# introduction



## Seasgrace (Sep 20, 2008)

_Hi. I thought I'd introduce myself. My pen name is Seasgrace. I was invited here by someone from another sight. From what I've seen, I'm sure I will learn a lot from everyone. Hope to become more aqainted with some of you. Thanks!_


----------



## No Brakes (Sep 20, 2008)

Hello Seasgrace and welcome to the forum!


----------



## kaseyisrad (Sep 20, 2008)

Welcome Seasgrace, good to have you here!


----------



## SparkyLT (Sep 20, 2008)

Heya and welcome, Seasgrace.

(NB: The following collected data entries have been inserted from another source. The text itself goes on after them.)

lemma lattice_point_diff_in_sublattice_iff:
  "lattice_point c - lattice_point c' \<in> L' \<longleftrightarrow> (\<forall>j\<le>n. c j mod int (q j) = c' j mod int (q j))"
proof
  assume "lattice_point c - lattice_point c' \<in> L'"
  then obtain d where d: "lattice_point c - lattice_point c' = lattice_point (\<lambda>j. d j * int (q j))"
    unfolding sublattice_eq_range by blast
  have "lattice_point (\<lambda>j. c j - c' j - d j * int (q j))
      = (lattice_point c - lattice_point c') - lattice_point (\<lambda>j. d j * int (q j))"
    by (simp add: lincomb_diff)
  also have "\<dots> = 0\<^sub>v n"
    unfolding d by simp
  finally have "\<exists>t. \<forall>j\<le>n. c j - c' j - d j * int (q j) = t * int (q j)"
    by (rule int_relation_multiple_of_weights)
  then obtain t where t: "\<And>j. j \<le> n \<Longrightarrow> c j - c' j - d j * int (q j) = t * int (q j)"
    by blast
  have "int (q j) dvd c j - c' j" if "j \<le> n" for j
  proof -
    have "c j - c' j = t * int (q j) + d j * int (q j)"
      using t[OF that] by linarith
    then show ?thesis
      by simp
  qed
  then show "\<forall>j\<le>n. c j mod int (q j) = c' j mod int (q j)"
    by (simp add: mod_eq_dvd_iff)
next
  assume "\<forall>j\<le>n. c j mod int (q j) = c' j mod int (q j)"
  then have "\<forall>j\<le>n. int (q j) dvd c j - c' j"
    by (simp add: mod_eq_dvd_iff)
  define d where "d j = (c j - c' j) div int (q j)" for j
  have d: "c j - c' j = d j * int (q j)" if "j \<le> n" for j
    using \<open>\<forall>j\<le>n. int (q j) dvd c j - c' j\<close> that by (simp add: d_def)
  have "lattice_point c - lattice_point c' = lattice_point (\<lambda>j. d j * int (q j))"
    unfolding lincomb_diff by (rule lincomb_cong) (simp_all flip: d of_int_diff)
  then show "lattice_point c - lattice_point c' \<in> L'"
    unfolding sublattice_eq_range by blast
qed

lemma coset_eq_iff:
  "{y \<in> L. y - lattice_point c \<in> L'} = {y \<in> L. y - lattice_point c' \<in> L'}
    \<longleftrightarrow> (\<forall>j\<le>n. c j mod int (q j) = c' j mod int (q j))"
proof
  assume "{y \<in> L. y - lattice_point c \<in> L'} = {y \<in> L. y - lattice_point c' \<in> L'}"
  moreover have "lattice_point c \<in> {y \<in> L. y - lattice_point c \<in> L'}"
    by (simp add: lattice_eq_range lattice_point_diff_in_sublattice_iff)
  ultimately show "\<forall>j\<le>n. c j mod int (q j) = c' j mod int (q j)"
    by (simp add: lattice_point_diff_in_sublattice_iff)
qed (auto simp: lattice_eq_range lattice_point_diff_in_sublattice_iff)

lemma lattice_index_eq_prod_weights: "lattice_index L L' = (\<Prod>j\<le>n. q j)"
proof -
  define coset where "coset c = {y \<in> L. y - lattice_point c \<in> L'}" for c
  define R where "R = PiE {..n} (\<lambda>j. {0..<int (q j)})"
  have coset_eq: "coset c = coset c' \<longleftrightarrow> (\<forall>j\<le>n. c j mod int (q j) = c' j mod int (q j))" for c c'
    unfolding coset_def by (rule coset_eq_iff)
  have "{{y \<in> L. y - x \<in> L'} | x. x \<in> L} = range coset"
    by (auto simp: lattice_eq_range coset_def)
  also have "\<dots> = coset ` R"
  proof (intro equalityI subsetI)
    fix C
    assume "C \<in> range coset"
    then obtain c where C: "C = coset c"
      by blast
    define r where "r = restrict (\<lambda>j. c j mod int (q j)) {..n}"
    have "r \<in> R"
      using weight_pos by (auto simp: r_def R_def)
    moreover have "coset r = C"
      unfolding C coset_eq by (simp add: r_def)
    ultimately show "C \<in> coset ` R"
      by blast
  qed blast
  finally have cosets: "{{y \<in> L. y - x \<in> L'} | x. x \<in> L} = coset ` R" .
  have "inj_on coset R"
  proof (rule inj_onI)
    fix r r'
    assume "r \<in> R" "r' \<in> R" "coset r = coset r'"
    then show "r = r'"
      unfolding coset_eq R_def by (intro PiE_ext) (auto dest!: PiE_mem)
  qed
  then have "lattice_index L L' = card R"
    unfolding lattice_index_def cosets by (rule card_image)
  also have "\<dots> = (\<Prod>j\<le>n. q j)"
    by (simp add: R_def card_PiE)
  finally show ?thesis .
qed

context
  fixes e :: "nat \<Rightarrow> rat vec" and V :: "nat \<Rightarrow> nat \<Rightarrow> int"
  assumes basis: "is_lattice_basis n L e"
    and coordinates: "\<forall>j\<le>n. v j = lincomb n (\<lambda>i. of_int (V i j)) e n"
begin

lemma lattice_point_in_basis:
  "lattice_point c = lincomb n (\<lambda>i. of_int (\<Sum>j<Suc n. V i j * c j)) e n"
proof -
  have "lattice_point c = lincomb n (\<lambda>j. of_int (c j)) (\<lambda>j. lincomb n (\<lambda>i. of_int (V i j)) e n) (Suc n)"
    using coordinates by (intro lincomb_cong) auto
  also have "\<dots> = lincomb n (\<lambda>i. of_int (\<Sum>j<Suc n. V i j * c j)) e n"
    unfolding lincomb_lincomb by (intro lincomb_cong) (simp_all add: mult.commute)
  finally show ?thesis .
qed

lemma basis_independent: "lincomb n (\<lambda>i. of_int (c i)) e n = 0\<^sub>v n \<Longrightarrow> i < n \<Longrightarrow> c i = 0"
  using basis unfolding is_lattice_basis_def by blast

lemma lattice_point_eq_0_iff: "lattice_point c = 0\<^sub>v n \<longleftrightarrow> (\<forall>i<n. (\<Sum>j<Suc n. V i j * c j) = 0)"
  unfolding lattice_point_in_basis
proof
  assume "lincomb n (\<lambda>i. of_int (\<Sum>j<Suc n. V i j * c j)) e n = 0\<^sub>v n"
  from basis_independent[OF this] show "\<forall>i<n. (\<Sum>j<Suc n. V i j * c j) = 0"
    by blast
next
  assume zero: "\<forall>i<n. (\<Sum>j<Suc n. V i j * c j) = 0"
  show "lincomb n (\<lambda>i. of_int (\<Sum>j<Suc n. V i j * c j)) e n = 0\<^sub>v n"
  proof (rule lincomb_eq_0)
    fix i
    assume "i < n"
    with zero have "(\<Sum>j<Suc n. V i j * c j) = 0"
      by blast
    then show "(of_int (\<Sum>j<Suc n. V i j * c j) :: rat) = 0"
      by (metis of_int_0)
  qed
qed

lemma coordinate_matrix_right_inverse:
  assumes "k < n"
  shows "\<exists>c. \<forall>i<n. (\<Sum>j<Suc n. V i j * c j) = (if k = i then 1 else 0)"
proof -
  have e: "e k \<in> carrier_vec n" "int_span n e n = L"
    using basis assms unfolding is_lattice_basis_def by auto
  have e_k: "e k = lincomb n (\<lambda>i. of_int (if k = i then 1 else 0)) e n"
    using lincomb_delta[of k n e n, OF assms e(1)] by (simp add: if_distrib eq_commute cong: if_cong)
  then have "e k \<in> int_span n e n"
    unfolding int_span_def by (intro CollectI exI[of _ "\<lambda>i. if k = i then 1 else 0"]) simp
  then obtain c where c: "e k = lattice_point c"
    unfolding e(2) lattice_eq_range by blast
  have "lincomb n (\<lambda>i. of_int ((\<Sum>j<Suc n. V i j * c j) - (if k = i then 1 else 0))) e n
      = lattice_point c - e k"
    unfolding lattice_point_in_basis e_k by (simp add: lincomb_diff)
  also have "\<dots> = 0\<^sub>v n"
    unfolding c by simp
  finally have zero: "lincomb n (\<lambda>i. of_int ((\<Sum>j<Suc n. V i j * c j) - (if k = i then 1 else 0))) e n = 0\<^sub>v n" .
  have "(\<Sum>j<Suc n. V i j * c j) = (if k = i then 1 else 0)" if "i < n" for i
    using basis_independent[OF zero that] by (simp only: right_minus_eq)
  then show ?thesis
    by blast
qed

lemma signed_minors_eq_unit_mult_weights:
  "\<exists>t. \<bar>t\<bar> = 1 \<and> (\<forall>j\<le>n. signed_minor n V j = t * int (q j))"
proof -
  have "lattice_point (signed_minor n V) = 0\<^sub>v n"
    unfolding lattice_point_eq_0_iff using signed_minors_in_kernel by blast
  then obtain t where t: "\<And>j. j \<le> n \<Longrightarrow> signed_minor n V j = t * int (q j)"
    using int_relation_multiple_of_weights by blast
  have "\<forall>k\<in>{..<n}. \<exists>c. \<forall>i<n. (\<Sum>j<Suc n. V i j * c j) = (if k = i then 1 else 0)"
    using coordinate_matrix_right_inverse by blast
  then obtain C where C: "\<And>i k. i < n \<Longrightarrow> k < n \<Longrightarrow> (\<Sum>j<Suc n. V i j * C k j) = (if k = i then 1 else 0)"
    by (auto dest!: bchoice)
  have "lattice_point (\<lambda>j. int (q j)) = 0\<^sub>v n"
    using relation by simp
  then have "\<And>i. i < n \<Longrightarrow> (\<Sum>j<Suc n. V i j * int (q j)) = 0"
    unfolding lattice_point_eq_0_iff by blast
  with C have "det (bordered_mat n V (\<lambda>j. if j = 0 then 1 else 0)) dvd int (q 0)"
    by (rule det_bordered_mat_dvd)
  moreover have "(\<Sum>j<Suc n. (if j = 0 then 1 else 0) * signed_minor n V j) = signed_minor n V 0"
    by (simp add: sum.lessThan_Suc_shift del: sum.lessThan_Suc)
  then have "det (bordered_mat n V (\<lambda>j. if j = 0 then 1 else 0)) = (-1) ^ n * t * int (q 0)"
    using t[of 0] by (simp add: det_bordered_mat)
  ultimately have "t * int (q 0) dvd 1 * int (q 0)"
    by (simp add: mult.assoc)
  moreover have "int (q 0) \<noteq> 0"
    using weight_pos[of 0] by simp
  ultimately have "t dvd 1"
    by simp
  then have "\<bar>t\<bar> = 1"
    by simp
  with t show ?thesis
    by blast
qed

lemma det_del_col_eq_weights:
  "\<exists>\<epsilon>\<in>{0, 1::nat}. \<forall>j\<le>n. det (del_col n V j) = (-1) ^ (\<epsilon> + j) * int (q j)"
proof -
  obtain t where "\<bar>t\<bar> = 1" and t: "\<forall>j\<le>n. signed_minor n V j = t * int (q j)"
    using signed_minors_eq_unit_mult_weights by blast
  then have "t = (-1) ^ 0 \<or> t = (-1) ^ 1"
    by (simp add: abs_if split: if_splits)
  then obtain \<epsilon> :: nat where "\<epsilon> \<in> {0, 1}" "t = (-1) ^ \<epsilon>"
    by blast
  moreover have "det (del_col n V j) = (-1) ^ j * signed_minor n V j" for j
    by (simp add: signed_minor_def)
  ultimately show ?thesis
    using t by (auto simp: power_add)
qed

end

definition primitive_vec :: "nat \<Rightarrow> rat vec" where
  "primitive_vec j = (1 / of_nat (dgcd n q j)) \<cdot>\<^sub>v v j"

lemma lincomb_delta_v: "j \<le> n \<Longrightarrow> lincomb n (\<lambda>k. if k = j then 1 else 0) v (Suc n) = v j"
  using carrier by (intro lincomb_delta) auto

lemma smult_v_in_lattice_Ints:
  assumes j: "j \<le> n" and t: "t \<cdot>\<^sub>v v j \<in> L"
  shows "t * of_nat (dgcd n q j) \<in> \<int>"
proof -
  obtain c where c: "t \<cdot>\<^sub>v v j = lattice_point c"
    using t unfolding lattice_eq_range by blast
  have "lincomb n (\<lambda>k. of_int (c k) - t * (if k = j then 1 else 0)) v (Suc n)
      = lattice_point c - t \<cdot>\<^sub>v v j"
    unfolding lincomb_delta_v[OF j, symmetric] by (simp add: smult_lincomb lincomb_diff)
  also have "\<dots> = 0\<^sub>v n"
    unfolding c by simp
  finally have "\<exists>s. \<forall>k\<le>n. of_int (c k) - t * (if k = j then 1 else 0) = s * of_nat (q k)"
    by (rule rat_relation_multiple_of_weights)
  then obtain s where s: "\<And>k. k \<le> n \<Longrightarrow> of_int (c k) - t * (if k = j then 1 else 0) = s * of_nat (q k)"
    by blast
  have "s * of_nat (dgcd n q j) \<in> \<int>"
    unfolding dgcd_def
  proof (rule Ints_mult_Gcd)
    fix k
    assume "k \<in> {0..n} - {j}"
    then show "s * of_nat (q k) \<in> \<int>"
      by (simp flip: s)
  qed
  moreover have "t * of_nat (dgcd n q j) = of_int (c j) * of_nat (dgcd n q j) - (s * of_nat (dgcd n q j)) * of_nat (q j)"
    using s[OF j] by (simp add: algebra_simps)
  ultimately show ?thesis
    by simp
qed

(* For n = 0 every dgcd is Gcd {} = 0 and Q^0 = {0}; ray_generator_dim_0_iff covers that case. *)
context
  assumes n_pos: "0 < n"
begin

lemma v_eq_smult_primitive_vec:
  assumes "j \<le> n"
  shows "v j = of_nat (dgcd n q j) \<cdot>\<^sub>v primitive_vec j"
  using dgcd_pos[OF weights n_pos assms] by (simp add: primitive_vec_def smult_smult_assoc)

lemma primitive_vec_in_lattice:
  assumes j: "j \<le> n"
  shows "primitive_vec j \<in> L"
proof -
  define D where "D = dgcd n q j"
  have "coprime (int D) (int (q j))"
    using coprime_dgcd_weight[OF weights j] by (simp add: D_def)
  then obtain a b where ab: "a * int D + b * int (q j) = 1"
    by (metis bezout_int coprime_iff_gcd_eq_1)
  \<comment> \<open>\<open>v j / D = a v j - b \<Sum>k\<noteq>j. (q k / D) v k\<close>, using \<open>q j v j = - \<Sum>k\<noteq>j. q k v k\<close>.\<close>
  define c where "c k = (if k = j then a else - b * (int (q k) div int D))" for k
  have "of_nat D \<cdot>\<^sub>v lattice_point c
      = lincomb n (\<lambda>k. (if k = j then 1 else 0) - of_int b * of_nat (q k)) v (Suc n)"
    unfolding smult_lincomb
  proof (rule lincomb_cong)
    fix k
    assume "k < Suc n"
    show "of_nat D * of_int (c k) = (if k = j then 1 else 0) - of_int b * (of_nat (q k) :: rat)"
    proof (cases "k = j")
      case True
      have "(of_int (a * int D + b * int (q j)) :: rat) = 1"
        using ab by simp
      then show ?thesis
        using True by (simp add: c_def algebra_simps)
    next
      case False
      with \<open>k < Suc n\<close> have "D dvd q k"
        unfolding D_def by (intro dgcd_dvd) simp_all
      then show ?thesis
        using False dgcd_pos[OF weights n_pos j] by (auto simp: c_def D_def)
    qed
  qed simp
  also have "\<dots> = lincomb n (\<lambda>k. if k = j then 1 else 0) v (Suc n) - of_int b \<cdot>\<^sub>v lincomb n (\<lambda>k. of_nat (q k)) v (Suc n)"
    by (simp add: smult_lincomb lincomb_diff)
  also have "\<dots> = v j"
    using carrier j by (auto simp: lincomb_delta_v relation intro!: eq_vecI)
  finally have "primitive_vec j = (1 / of_nat D) \<cdot>\<^sub>v (of_nat D \<cdot>\<^sub>v lattice_point c)"
    by (simp add: primitive_vec_def D_def)
  also have "\<dots> = lattice_point c"
    using dgcd_pos[OF weights n_pos j] by (simp add: D_def smult_smult_assoc)
  finally show ?thesis
    unfolding lattice_eq_range by blast
qed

I love your name; it gives me the mental image of a mermaid. Hope you enjoy the forums.


----------



## Tiamat (Sep 20, 2008)

Hey there Seasgrace and welcome to WF!  Glad to have you!


----------



## Nickie (Sep 21, 2008)

Welcome to the forum, Seasgrace!


Nickie


----------



## Seasgrace (Sep 21, 2008)

Thank you all so very much for the welcome! I was hesitant about joining, as I do not have any formal educational background when it comes to writing. Writing is something I have always enjoyed, and often express it with poetry. Hopefully I will learn to expand my style and type of writing. Thank you all once again. I look forward to posting with you. 

Seasgrace


----------



## Tiamat (Sep 21, 2008)

Don't worry, you don't need an education to write.  That's a common misconception, usually spread by failed writers (many of which have college degrees )


----------



## wacker (Sep 22, 2008)

Welcome to the forum.


----------



## terrib (Sep 22, 2008)

hey seasgrace...welcome


----------



## Shinn (Sep 22, 2008)

Hello and welcome to WF.


----------



## Seasgrace (Sep 26, 2008)

Sorry, been away a bit. Thank you again for the new welcome addons.   Seas


----------